Work to be completed → Please give back, word for word, only the lines starting at the one containing "by (simp add: q_def ennreal_neg max_def)" and ending at the one containing "unfolding evG_def by measurable" within the material below.

------ Exercise inputs

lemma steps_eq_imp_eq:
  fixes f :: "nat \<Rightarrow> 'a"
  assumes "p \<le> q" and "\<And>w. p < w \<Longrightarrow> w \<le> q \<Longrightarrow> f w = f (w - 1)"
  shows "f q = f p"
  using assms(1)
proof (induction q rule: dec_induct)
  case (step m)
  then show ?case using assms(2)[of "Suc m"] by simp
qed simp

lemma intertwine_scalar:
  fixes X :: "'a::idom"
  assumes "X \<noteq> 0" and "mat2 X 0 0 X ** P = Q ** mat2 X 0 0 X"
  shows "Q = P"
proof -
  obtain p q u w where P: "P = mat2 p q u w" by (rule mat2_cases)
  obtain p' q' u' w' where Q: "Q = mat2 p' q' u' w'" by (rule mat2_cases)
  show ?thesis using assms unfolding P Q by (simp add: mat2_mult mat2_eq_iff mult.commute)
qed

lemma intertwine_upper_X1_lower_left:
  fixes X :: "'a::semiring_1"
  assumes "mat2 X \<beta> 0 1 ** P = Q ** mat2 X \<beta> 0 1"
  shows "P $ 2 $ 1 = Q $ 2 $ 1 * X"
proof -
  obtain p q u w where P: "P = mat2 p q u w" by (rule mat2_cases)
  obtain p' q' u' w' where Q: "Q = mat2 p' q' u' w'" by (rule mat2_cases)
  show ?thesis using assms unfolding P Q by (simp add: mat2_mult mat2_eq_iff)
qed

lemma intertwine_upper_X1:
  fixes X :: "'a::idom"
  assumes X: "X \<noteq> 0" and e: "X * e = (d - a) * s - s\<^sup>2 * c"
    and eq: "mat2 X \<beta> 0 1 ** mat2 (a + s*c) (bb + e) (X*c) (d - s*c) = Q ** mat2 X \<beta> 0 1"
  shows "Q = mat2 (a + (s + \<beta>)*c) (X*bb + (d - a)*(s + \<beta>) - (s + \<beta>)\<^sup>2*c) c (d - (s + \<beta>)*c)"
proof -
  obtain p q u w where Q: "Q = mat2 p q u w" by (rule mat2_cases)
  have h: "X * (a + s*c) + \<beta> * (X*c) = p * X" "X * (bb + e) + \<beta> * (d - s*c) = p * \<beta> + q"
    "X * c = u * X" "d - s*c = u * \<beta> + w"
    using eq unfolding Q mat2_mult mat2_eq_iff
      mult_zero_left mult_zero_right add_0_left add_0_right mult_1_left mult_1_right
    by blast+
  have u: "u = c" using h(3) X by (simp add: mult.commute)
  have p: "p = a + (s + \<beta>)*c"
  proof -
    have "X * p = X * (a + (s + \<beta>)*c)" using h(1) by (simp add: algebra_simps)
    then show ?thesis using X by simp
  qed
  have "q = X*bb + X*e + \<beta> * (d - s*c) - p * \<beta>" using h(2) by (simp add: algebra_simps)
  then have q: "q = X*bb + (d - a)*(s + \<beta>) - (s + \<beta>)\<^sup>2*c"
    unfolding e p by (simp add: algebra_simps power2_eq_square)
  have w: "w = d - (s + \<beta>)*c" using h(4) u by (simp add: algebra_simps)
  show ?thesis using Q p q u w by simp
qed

------------
------ Exercise inputs

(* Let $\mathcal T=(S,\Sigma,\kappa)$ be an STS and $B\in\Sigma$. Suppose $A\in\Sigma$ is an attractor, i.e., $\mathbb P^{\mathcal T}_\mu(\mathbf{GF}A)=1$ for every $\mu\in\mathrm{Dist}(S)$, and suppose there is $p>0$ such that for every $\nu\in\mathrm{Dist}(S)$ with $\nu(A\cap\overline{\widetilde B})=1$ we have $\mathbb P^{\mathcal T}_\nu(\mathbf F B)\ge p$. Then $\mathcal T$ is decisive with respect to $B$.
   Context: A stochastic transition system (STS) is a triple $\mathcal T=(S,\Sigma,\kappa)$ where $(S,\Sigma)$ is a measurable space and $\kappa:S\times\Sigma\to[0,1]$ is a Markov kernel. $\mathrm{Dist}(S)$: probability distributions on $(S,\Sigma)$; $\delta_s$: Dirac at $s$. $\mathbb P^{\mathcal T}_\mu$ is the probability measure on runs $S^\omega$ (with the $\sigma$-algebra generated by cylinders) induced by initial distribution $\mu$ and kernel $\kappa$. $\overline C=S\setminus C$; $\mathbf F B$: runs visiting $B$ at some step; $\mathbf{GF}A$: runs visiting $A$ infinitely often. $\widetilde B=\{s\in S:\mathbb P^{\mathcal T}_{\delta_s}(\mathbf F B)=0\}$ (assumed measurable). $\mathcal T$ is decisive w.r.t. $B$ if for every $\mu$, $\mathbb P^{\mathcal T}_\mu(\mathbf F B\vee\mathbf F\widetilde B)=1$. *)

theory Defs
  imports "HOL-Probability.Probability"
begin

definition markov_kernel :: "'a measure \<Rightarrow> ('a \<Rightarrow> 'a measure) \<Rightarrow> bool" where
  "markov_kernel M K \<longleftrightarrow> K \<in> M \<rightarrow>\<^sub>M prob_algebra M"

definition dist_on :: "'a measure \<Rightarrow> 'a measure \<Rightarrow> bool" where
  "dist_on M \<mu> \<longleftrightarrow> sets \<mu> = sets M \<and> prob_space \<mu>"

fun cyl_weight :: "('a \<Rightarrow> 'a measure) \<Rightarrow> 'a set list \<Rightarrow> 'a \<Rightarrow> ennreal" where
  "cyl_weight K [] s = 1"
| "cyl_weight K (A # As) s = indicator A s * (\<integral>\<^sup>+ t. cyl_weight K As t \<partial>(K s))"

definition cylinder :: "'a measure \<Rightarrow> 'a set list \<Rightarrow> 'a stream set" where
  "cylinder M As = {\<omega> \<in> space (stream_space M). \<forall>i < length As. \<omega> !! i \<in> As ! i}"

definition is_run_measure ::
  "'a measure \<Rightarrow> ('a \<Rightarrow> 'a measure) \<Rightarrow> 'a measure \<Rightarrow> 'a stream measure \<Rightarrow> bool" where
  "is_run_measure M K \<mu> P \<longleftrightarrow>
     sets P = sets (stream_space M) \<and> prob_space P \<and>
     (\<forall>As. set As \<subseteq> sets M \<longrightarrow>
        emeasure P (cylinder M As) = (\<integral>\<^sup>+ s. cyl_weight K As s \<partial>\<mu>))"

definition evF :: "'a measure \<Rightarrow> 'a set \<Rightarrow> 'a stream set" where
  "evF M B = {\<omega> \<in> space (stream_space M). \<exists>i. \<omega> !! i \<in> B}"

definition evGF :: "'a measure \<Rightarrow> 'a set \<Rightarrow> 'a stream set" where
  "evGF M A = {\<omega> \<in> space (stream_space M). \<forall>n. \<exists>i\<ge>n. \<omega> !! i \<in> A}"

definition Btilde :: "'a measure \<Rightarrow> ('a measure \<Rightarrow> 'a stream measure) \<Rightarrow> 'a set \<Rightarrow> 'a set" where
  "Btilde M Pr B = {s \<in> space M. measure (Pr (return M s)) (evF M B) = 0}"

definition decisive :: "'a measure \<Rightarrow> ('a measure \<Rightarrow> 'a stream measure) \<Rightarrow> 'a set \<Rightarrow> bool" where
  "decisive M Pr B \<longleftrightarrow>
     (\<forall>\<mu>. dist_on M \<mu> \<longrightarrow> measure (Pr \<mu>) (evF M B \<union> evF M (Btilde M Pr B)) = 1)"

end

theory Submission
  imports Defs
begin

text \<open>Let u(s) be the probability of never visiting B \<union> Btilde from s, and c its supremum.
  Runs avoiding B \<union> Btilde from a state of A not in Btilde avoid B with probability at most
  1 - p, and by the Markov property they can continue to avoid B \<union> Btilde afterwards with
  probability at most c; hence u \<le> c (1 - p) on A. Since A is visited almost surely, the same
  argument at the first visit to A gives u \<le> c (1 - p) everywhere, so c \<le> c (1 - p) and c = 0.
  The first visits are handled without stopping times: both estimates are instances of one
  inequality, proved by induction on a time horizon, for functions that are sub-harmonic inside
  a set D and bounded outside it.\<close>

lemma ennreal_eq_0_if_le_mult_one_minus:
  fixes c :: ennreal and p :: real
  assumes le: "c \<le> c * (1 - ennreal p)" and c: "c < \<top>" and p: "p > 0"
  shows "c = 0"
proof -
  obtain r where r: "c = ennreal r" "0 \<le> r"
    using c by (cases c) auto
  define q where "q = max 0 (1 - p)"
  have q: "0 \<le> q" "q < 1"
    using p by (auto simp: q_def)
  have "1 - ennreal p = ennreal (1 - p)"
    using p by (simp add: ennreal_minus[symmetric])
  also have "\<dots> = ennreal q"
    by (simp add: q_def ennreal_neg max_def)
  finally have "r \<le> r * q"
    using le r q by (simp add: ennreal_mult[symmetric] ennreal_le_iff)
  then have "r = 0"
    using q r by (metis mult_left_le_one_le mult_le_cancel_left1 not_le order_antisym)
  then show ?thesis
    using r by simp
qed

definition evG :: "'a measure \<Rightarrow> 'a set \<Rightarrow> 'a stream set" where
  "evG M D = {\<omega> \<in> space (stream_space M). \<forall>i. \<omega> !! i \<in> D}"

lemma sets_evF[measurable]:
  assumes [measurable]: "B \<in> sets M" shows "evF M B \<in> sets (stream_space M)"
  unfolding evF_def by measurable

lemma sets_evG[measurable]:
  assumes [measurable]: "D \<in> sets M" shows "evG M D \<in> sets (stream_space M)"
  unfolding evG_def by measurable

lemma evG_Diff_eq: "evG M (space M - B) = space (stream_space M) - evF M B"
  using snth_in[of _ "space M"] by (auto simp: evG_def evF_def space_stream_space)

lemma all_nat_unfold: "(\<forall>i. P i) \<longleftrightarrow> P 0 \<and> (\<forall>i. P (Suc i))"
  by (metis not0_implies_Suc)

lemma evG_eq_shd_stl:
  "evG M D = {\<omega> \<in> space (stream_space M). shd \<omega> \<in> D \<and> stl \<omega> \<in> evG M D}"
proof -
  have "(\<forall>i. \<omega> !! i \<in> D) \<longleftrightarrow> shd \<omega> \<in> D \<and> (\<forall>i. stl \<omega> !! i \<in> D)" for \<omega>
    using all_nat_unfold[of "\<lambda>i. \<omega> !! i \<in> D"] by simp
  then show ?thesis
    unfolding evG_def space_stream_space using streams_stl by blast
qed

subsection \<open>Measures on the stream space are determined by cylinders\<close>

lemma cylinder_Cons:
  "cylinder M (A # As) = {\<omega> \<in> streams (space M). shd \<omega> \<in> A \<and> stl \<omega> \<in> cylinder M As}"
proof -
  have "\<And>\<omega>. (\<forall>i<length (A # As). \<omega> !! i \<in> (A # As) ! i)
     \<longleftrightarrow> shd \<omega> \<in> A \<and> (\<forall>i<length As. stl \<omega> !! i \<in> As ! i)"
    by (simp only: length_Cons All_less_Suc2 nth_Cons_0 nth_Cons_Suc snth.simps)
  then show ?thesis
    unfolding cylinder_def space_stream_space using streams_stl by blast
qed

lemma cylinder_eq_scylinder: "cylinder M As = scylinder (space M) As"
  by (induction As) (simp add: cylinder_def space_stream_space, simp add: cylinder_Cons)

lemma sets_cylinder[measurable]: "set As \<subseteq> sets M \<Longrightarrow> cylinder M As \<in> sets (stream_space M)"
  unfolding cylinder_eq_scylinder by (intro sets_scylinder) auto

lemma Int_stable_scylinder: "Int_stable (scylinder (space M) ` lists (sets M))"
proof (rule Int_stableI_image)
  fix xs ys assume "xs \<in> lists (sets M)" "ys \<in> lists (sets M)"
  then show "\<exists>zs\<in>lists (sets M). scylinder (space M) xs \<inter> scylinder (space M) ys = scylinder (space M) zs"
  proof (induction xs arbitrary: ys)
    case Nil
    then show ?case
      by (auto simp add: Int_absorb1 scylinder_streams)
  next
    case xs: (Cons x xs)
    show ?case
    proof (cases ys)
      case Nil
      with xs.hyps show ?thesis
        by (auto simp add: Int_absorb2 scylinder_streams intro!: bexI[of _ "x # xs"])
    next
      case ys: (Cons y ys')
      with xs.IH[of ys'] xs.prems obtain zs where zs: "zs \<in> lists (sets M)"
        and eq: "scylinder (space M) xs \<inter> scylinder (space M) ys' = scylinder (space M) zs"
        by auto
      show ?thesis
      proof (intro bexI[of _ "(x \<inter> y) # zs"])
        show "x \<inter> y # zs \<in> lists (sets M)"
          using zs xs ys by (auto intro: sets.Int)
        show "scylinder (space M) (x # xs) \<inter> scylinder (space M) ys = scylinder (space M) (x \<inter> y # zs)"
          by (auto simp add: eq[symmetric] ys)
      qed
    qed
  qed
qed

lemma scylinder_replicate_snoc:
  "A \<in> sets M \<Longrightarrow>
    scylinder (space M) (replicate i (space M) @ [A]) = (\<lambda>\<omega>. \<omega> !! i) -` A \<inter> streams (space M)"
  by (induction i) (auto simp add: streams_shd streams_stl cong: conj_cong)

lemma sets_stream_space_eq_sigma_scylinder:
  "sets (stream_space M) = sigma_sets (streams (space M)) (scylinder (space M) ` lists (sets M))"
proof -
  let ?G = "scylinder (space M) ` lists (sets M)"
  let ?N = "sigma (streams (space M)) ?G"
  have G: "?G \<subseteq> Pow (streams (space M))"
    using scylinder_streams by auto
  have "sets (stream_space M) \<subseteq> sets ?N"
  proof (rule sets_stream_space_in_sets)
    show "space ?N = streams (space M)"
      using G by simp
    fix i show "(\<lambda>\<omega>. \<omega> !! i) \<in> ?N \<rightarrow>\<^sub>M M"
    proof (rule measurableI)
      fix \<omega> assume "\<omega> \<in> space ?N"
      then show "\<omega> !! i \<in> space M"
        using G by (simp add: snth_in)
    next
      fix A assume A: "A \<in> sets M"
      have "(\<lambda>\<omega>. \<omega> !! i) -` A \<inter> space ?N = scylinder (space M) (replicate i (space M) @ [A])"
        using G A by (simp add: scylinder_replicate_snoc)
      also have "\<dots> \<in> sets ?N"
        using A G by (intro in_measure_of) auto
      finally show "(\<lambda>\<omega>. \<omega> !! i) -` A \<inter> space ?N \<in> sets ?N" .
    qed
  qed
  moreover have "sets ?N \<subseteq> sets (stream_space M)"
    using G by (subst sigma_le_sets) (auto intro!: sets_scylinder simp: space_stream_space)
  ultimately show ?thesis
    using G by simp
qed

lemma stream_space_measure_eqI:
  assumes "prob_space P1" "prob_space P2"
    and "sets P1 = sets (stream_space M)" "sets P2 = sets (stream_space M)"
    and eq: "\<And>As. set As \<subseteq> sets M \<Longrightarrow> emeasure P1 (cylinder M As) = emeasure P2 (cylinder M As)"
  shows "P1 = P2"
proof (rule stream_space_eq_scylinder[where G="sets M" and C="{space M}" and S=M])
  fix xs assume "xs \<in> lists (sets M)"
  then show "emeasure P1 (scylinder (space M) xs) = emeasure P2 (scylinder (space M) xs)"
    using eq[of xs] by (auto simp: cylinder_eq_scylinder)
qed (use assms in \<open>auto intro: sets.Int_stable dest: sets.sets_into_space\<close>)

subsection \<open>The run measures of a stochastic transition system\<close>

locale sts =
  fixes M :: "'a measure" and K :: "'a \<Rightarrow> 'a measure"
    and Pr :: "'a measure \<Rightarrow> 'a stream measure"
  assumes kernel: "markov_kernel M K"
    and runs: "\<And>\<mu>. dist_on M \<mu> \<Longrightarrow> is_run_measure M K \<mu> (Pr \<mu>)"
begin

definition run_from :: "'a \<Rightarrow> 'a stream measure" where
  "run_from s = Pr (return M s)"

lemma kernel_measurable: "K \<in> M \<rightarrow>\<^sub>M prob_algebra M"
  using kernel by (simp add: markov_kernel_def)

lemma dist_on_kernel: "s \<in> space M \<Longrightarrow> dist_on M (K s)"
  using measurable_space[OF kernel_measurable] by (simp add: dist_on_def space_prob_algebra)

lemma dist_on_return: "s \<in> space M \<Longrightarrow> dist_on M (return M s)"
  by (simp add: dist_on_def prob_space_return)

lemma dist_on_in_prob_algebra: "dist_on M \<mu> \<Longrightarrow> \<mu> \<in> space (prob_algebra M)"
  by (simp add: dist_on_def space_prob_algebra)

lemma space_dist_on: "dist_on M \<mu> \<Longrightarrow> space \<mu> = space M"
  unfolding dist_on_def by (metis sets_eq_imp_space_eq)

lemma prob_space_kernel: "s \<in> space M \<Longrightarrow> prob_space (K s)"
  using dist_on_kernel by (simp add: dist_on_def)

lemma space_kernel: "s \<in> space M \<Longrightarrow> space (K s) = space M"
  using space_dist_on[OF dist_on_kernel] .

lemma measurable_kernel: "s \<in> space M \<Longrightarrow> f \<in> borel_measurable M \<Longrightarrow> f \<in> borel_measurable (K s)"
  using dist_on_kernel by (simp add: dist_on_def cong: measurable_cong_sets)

------------
------ Exercise inputs

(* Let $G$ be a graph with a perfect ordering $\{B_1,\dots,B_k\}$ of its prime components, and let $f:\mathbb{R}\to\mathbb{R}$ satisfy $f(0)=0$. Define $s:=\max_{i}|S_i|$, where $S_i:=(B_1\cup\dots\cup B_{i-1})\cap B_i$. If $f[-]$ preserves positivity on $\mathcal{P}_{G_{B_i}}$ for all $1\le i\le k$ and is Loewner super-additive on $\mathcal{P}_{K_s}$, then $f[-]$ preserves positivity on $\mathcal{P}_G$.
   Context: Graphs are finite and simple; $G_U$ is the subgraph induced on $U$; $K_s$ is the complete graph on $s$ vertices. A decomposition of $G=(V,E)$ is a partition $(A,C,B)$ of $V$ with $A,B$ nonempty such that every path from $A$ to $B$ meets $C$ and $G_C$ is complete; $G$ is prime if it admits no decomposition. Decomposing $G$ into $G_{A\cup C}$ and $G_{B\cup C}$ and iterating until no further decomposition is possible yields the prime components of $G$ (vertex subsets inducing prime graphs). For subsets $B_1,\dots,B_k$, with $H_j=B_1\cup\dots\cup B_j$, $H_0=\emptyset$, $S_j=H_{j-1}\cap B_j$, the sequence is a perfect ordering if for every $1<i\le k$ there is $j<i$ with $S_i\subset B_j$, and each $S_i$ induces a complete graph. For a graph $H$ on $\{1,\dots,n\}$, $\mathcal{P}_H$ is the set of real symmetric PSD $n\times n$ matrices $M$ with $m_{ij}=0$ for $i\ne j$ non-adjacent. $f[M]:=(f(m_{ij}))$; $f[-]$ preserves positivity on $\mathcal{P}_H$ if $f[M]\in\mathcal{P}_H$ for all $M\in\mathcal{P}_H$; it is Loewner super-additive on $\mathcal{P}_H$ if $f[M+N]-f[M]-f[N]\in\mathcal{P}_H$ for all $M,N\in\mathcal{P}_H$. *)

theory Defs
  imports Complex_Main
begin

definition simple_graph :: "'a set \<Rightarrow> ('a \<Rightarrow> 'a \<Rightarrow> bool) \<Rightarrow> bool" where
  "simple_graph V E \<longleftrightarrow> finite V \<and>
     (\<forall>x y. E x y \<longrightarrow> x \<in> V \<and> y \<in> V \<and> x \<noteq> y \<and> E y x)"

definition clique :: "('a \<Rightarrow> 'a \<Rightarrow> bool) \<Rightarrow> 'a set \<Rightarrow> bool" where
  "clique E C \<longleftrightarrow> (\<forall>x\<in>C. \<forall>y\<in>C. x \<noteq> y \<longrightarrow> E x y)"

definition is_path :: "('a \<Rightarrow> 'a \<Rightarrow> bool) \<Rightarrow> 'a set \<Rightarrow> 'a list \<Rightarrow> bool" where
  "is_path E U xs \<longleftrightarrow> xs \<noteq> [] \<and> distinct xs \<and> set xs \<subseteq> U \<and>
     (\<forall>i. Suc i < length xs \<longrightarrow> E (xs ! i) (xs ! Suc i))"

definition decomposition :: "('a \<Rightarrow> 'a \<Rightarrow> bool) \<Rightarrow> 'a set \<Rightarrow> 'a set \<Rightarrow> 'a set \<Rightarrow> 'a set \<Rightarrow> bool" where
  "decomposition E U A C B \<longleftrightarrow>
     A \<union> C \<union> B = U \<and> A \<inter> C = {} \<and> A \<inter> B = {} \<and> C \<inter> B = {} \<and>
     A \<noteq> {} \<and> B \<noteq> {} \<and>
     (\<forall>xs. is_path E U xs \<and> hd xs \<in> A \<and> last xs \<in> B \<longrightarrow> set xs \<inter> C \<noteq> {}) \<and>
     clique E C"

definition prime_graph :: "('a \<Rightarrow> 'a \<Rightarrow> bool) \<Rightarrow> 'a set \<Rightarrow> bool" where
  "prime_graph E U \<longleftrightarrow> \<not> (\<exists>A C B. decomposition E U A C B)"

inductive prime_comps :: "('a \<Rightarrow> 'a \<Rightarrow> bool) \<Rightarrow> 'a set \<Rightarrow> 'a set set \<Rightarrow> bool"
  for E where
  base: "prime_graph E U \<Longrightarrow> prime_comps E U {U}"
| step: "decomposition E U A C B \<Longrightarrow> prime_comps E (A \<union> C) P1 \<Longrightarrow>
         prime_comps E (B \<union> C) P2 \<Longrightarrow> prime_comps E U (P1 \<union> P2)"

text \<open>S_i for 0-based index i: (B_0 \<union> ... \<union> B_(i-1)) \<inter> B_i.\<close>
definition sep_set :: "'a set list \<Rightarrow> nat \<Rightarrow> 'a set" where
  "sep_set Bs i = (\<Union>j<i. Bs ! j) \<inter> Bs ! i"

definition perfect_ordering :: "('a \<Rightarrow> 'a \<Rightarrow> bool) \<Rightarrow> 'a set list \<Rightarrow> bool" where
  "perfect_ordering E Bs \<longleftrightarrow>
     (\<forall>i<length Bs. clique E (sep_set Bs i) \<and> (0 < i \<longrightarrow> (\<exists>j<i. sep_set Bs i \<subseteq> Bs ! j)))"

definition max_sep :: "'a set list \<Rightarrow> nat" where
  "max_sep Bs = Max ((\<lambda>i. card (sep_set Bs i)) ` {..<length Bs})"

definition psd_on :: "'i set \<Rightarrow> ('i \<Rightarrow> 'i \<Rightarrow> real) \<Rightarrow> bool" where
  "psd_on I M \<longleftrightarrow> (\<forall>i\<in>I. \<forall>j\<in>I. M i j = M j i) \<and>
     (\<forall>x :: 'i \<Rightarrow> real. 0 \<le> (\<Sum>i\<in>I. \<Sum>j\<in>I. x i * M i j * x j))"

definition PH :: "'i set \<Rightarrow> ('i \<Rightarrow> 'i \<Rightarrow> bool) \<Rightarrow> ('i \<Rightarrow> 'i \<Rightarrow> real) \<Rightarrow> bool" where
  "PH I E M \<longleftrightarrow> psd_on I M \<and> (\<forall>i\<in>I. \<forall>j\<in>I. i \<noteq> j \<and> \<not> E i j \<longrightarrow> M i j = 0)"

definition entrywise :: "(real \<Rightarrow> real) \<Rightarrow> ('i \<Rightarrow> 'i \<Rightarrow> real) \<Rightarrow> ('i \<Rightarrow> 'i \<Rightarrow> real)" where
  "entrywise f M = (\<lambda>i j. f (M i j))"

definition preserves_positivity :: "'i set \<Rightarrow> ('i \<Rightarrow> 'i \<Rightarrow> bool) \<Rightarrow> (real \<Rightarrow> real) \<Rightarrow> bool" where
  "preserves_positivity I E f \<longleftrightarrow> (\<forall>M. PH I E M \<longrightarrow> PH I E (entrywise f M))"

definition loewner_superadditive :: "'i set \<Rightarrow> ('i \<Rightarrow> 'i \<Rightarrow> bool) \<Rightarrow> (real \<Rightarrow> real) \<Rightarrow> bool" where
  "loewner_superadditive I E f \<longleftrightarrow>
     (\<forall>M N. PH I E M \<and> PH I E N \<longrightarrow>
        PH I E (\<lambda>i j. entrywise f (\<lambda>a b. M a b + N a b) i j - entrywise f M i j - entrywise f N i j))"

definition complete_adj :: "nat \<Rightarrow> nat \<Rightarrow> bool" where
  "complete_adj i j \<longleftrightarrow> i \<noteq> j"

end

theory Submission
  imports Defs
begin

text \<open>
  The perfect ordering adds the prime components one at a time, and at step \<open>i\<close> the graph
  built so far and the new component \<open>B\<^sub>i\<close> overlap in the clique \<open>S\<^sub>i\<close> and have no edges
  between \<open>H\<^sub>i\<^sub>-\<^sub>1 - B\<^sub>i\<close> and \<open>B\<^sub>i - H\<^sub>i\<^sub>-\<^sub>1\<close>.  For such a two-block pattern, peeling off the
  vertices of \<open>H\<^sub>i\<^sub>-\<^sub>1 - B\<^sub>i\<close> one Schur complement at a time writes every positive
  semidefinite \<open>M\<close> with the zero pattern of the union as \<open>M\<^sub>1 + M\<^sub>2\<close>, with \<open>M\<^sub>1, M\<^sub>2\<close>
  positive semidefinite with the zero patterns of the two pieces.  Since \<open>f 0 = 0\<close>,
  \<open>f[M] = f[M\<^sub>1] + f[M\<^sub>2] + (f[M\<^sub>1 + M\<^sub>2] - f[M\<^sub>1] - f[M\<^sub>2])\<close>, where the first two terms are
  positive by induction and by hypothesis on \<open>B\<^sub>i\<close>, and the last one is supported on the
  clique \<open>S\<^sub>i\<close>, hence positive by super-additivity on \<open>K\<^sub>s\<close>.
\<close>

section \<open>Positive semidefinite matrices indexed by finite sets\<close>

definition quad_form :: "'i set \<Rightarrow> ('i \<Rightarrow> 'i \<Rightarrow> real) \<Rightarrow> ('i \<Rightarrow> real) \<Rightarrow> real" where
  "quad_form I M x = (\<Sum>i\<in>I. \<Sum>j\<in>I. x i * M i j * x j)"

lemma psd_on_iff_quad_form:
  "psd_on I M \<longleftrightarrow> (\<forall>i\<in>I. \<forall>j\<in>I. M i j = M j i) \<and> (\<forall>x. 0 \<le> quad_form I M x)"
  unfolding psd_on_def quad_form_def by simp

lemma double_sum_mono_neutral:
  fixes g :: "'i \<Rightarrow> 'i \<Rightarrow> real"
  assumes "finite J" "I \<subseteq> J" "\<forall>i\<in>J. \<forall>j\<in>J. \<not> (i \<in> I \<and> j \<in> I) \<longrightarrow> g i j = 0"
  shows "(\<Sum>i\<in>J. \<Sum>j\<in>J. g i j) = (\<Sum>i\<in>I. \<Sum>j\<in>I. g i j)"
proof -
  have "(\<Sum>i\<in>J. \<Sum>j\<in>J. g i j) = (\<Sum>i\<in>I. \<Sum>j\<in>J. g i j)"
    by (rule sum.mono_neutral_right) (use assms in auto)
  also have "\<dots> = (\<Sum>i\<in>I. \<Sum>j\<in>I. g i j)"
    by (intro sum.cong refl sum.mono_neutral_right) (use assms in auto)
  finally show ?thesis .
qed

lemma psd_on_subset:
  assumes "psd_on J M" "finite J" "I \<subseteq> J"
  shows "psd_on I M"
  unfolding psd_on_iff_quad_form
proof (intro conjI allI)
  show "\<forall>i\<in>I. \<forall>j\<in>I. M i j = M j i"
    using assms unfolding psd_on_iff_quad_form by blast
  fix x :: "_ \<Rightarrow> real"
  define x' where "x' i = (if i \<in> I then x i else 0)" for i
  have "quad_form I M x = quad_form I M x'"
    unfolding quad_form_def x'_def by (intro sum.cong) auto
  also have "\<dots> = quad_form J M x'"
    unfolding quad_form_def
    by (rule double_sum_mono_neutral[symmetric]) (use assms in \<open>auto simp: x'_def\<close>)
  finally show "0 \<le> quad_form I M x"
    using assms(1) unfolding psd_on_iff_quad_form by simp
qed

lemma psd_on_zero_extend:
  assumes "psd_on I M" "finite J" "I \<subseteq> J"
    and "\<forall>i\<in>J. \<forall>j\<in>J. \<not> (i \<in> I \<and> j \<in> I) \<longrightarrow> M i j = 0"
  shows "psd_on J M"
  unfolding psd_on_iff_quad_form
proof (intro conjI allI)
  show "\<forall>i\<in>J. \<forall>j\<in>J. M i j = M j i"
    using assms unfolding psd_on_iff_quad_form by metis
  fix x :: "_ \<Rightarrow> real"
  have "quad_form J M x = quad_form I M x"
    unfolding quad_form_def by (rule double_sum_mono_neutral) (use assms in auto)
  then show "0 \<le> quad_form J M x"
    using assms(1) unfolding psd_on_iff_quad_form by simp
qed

------------

Exercise response →
    by (simp add: q_def ennreal_neg max_def)
  finally have "r \<le> r * q"
    using le r q by (simp add: ennreal_mult[symmetric] ennreal_le_iff)
  then have "r = 0"
    using q r by (metis mult_left_le_one_le mult_le_cancel_left1 not_le order_antisym)
  then show ?thesis
    using r by simp
qed

definition evG :: "'a measure \<Rightarrow> 'a set \<Rightarrow> 'a stream set" where
  "evG M D = {\<omega> \<in> space (stream_space M). \<forall>i. \<omega> !! i \<in> D}"

lemma sets_evF[measurable]:
  assumes [measurable]: "B \<in> sets M" shows "evF M B \<in> sets (stream_space M)"
  unfolding evF_def by measurable

lemma sets_evG[measurable]:
  assumes [measurable]: "D \<in> sets M" shows "evG M D \<in> sets (stream_space M)"
  unfolding evG_def by measurable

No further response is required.